# February Meeting



## mxd (18/2/10)

Hi Guys,

As I wont to come along and join up I was wondering when the feb meeting will be, the website still mentions Nov as the next meeting.

cheers
Matt


----------



## Supra-Jim (18/2/10)

mxd,

meetings are the last wednesday of each month (except Jan when there isn't one). So that owuld make it next wednesday the 24th of Feb.

See you there!

Cheers SJ


----------



## mxd (18/2/10)

Oh, 24th Feb that's the wife's birthday, she won't mind much


----------



## Fourstar (18/2/10)

Next wednesday!

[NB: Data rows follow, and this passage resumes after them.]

text \<open>Where the lower left and the upper right Dini derivative of a monotone function are separated
  by \<open>p < q\<close>, covering by short intervals of slope below \<open>p\<close>, and inside them by intervals of slope
  above \<open>q\<close>, shrinks the measure of a cover by the factor \<open>p / q\<close>.\<close>

lemma Dini_gap_cover_shrink:
  fixes f :: "real \<Rightarrow> real"
  assumes "mono f" "0 < p" "p < q" and U: "E \<subseteq> U" "open U" "U \<in> lmeasurable" and "\<eta> > 0"
    and E: "\<And>x. x \<in> E \<Longrightarrow>
      (\<exists>\<^sub>F y in at_left x. difference_quotient f x y < p) \<and> (\<exists>\<^sub>F y in at_right x. q < difference_quotient f x y)"
  shows "\<exists>V. open V \<and> E \<subseteq> V \<and> V \<in> lmeasurable \<and> measure lebesgue V \<le> p / q * measure lebesgue U + \<eta>"
proof -
  define K where "K = {i. fst i < snd i \<and> {fst i..snd i} \<subseteq> U \<and> f (snd i) - f (fst i) \<le> p * (snd i - fst i)}"
  obtain C where C: "countable C" "C \<subseteq> K" "pairwise (\<lambda>i j. disjnt {fst i..snd i} {fst j..snd j}) C"
    "negligible (E - (\<Union>i\<in>C. {fst i<..<snd i}))"
  proof (rule Vitali_covering_intervals)
    fix x d :: real assume "x \<in> E" "0 < d"
    then obtain r where "r > 0" "ball x r \<subseteq> U" using U openE by blast
    obtain y where y: "x - min d r < y" "y < x" "difference_quotient f x y < p"
      using frequently_at_left_realE[where x = x and d = "min d r"] E[OF \<open>x \<in> E\<close>] \<open>r > 0\<close> \<open>0 < d\<close> by auto
    have "{y..x} \<subseteq> U" using y \<open>ball x r \<subseteq> U\<close> by (force simp: dist_real_def)
    moreover have "f x - f y \<le> p * (x - y)"
      using y difference_quotient_less_iff(1)[of y x f p] by (simp add: difference_quotient_commute)
    ultimately show "\<exists>i\<in>K. x \<in> {fst i..snd i} \<and> snd i - fst i < d"
      using y by (intro bexI[of _ "(y, x)"]) (auto simp: K_def)
  qed (auto simp: K_def)
  define A where "A = E \<inter> (\<Union>i\<in>C. {fst i<..<snd i})"
  define K' where "K' = {j. fst j < snd j \<and> q * (snd j - fst j) \<le> f (snd j) - f (fst j) \<and>
    (\<exists>i\<in>C. {fst j..snd j} \<subseteq> {fst i..snd i})}"
  obtain D where D: "countable D" "D \<subseteq> K'" "pairwise (\<lambda>i j. disjnt {fst i..snd i} {fst j..snd j}) D"
    "negligible (A - (\<Union>j\<in>D. {fst j<..<snd j}))"
  proof (rule Vitali_covering_intervals)
    fix x d :: real assume "x \<in> A" "0 < d"
    then obtain i where i: "i \<in> C" "fst i < x" "x < snd i" "x \<in> E" by (auto simp: A_def)
    obtain y where y: "x < y" "y < x + min d (snd i - x)" "q < difference_quotient f x y"
      using frequently_at_right_realE[where x = x and d = "min d (snd i - x)"] E[OF \<open>x \<in> E\<close>] i \<open>0 < d\<close> by auto
    have "q * (y - x) \<le> f y - f x" using y difference_quotient_less_iff(2)[of x y q f] by simp
    then show "\<exists>j\<in>K'. x \<in> {fst j..snd j} \<and> snd j - fst j < d"
      using y i by (intro bexI[of _ "(x, y)"]) (auto simp: K'_def intro!: bexI[of _ i])
  qed (auto simp: K'_def)
  define B where "B = (\<Union>j\<in>D. {fst j<..<snd j})"
  have "\<And>i. i \<in> C \<Longrightarrow> fst i < snd i \<and> {fst i..snd i} \<subseteq> U \<and> f (snd i) - f (fst i) \<le> p * (snd i - fst i)"
    using C(2) by (auto simp: K_def)
  moreover have "\<And>j. j \<in> D \<Longrightarrow> fst j < snd j \<and> q * (snd j - fst j) \<le> f (snd j) - f (fst j)"
    and "\<And>j. j \<in> D \<Longrightarrow> \<exists>i\<in>C. {fst j..snd j} \<subseteq> {fst i..snd i}"
    using D(2) by (auto simp: K'_def)
  moreover have "0 \<le> p" "0 < q" using \<open>0 < p\<close> \<open>p < q\<close> by auto
  ultimately have B: "B \<in> lmeasurable" "measure lebesgue B \<le> p / q * measure lebesgue U"
    unfolding B_def using measure_steep_subintervals_le[OF \<open>mono f\<close> _ _ U(3) C(1,3) _ D(1,3)] by blast+
  have "E - B \<subseteq> (E - (\<Union>i\<in>C. {fst i<..<snd i})) \<union> (A - B)" by (auto simp: A_def)
  then have "negligible (E - B)"
    using negligible_subset[OF negligible_Un[OF C(4) D(4)[folded B_def]]] by blast
  then obtain T where T: "open T" "E - B \<subseteq> T" "T \<in> lmeasurable" "measure lebesgue T < \<eta>"
    using negligible_outer_open \<open>\<eta> > 0\<close> by blast
  have "measure lebesgue (B \<union> T) \<le> measure lebesgue B + measure lebesgue T"
    using B T by (intro measure_Un_le) auto
  moreover have "open B" unfolding B_def by (intro open_UN ballI open_greaterThanLessThan)
  ultimately show ?thesis using B T
    by (intro exI[of _ "B \<union> T"] conjI open_Un fmeasurable.Un) auto
qed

All paid up and signed up yesterday @ BJCP! Whoop Whoop! :icon_chickcheers:


----------



## Supra-Jim (18/2/10)

mxd said:


> Oh, 24th Feb that's the wife's birthday, she won't mind much



It's all in the spin mxd. Tell you've organised a lovely evening of peace and quite, then duck!!!

Cheers SJ


----------



## mxd (18/2/10)

Supra-Jim said:


> It's all in the spin mxd. Tell you've organised a lovely evening of peace and quite, then duck!!!
> 
> Cheers SJ



your right it's a family night, can put the kids in they cay and then drop me off and pick me up


----------



## Supra-Jim (18/2/10)

That's the spirit!

Cheers SJ

no excuses now, you better there!


----------



## Siborg (25/2/10)

Was cool to meet everyone last night. I'm now a member. 

Hopefully getting into better (AG) brews!


----------



## Andyd (25/2/10)

Welcome aboard Siborg!

There should be a few all grain brew days coming up, so keep your ears peeled to the mailing list for details!

Regards,

Andy


----------



## razz (21/4/10)

I take it the April meeting is next Wednesday? Have not been to a meeting for about 6 months. Anyone know what's on?


----------



## Wolfy (21/4/10)

razz said:


> I take it the April meeting is next Wednesday? Have not been to a meeting for about 6 months. Anyone know what's on?


According to the newsletter: http://melbournebrewers.org/wiki/NewsLetters
April 28 - Club Meeting, Red Ale Judging


----------



## razz (21/4/10)

Thanks Wolfy, are you going?


----------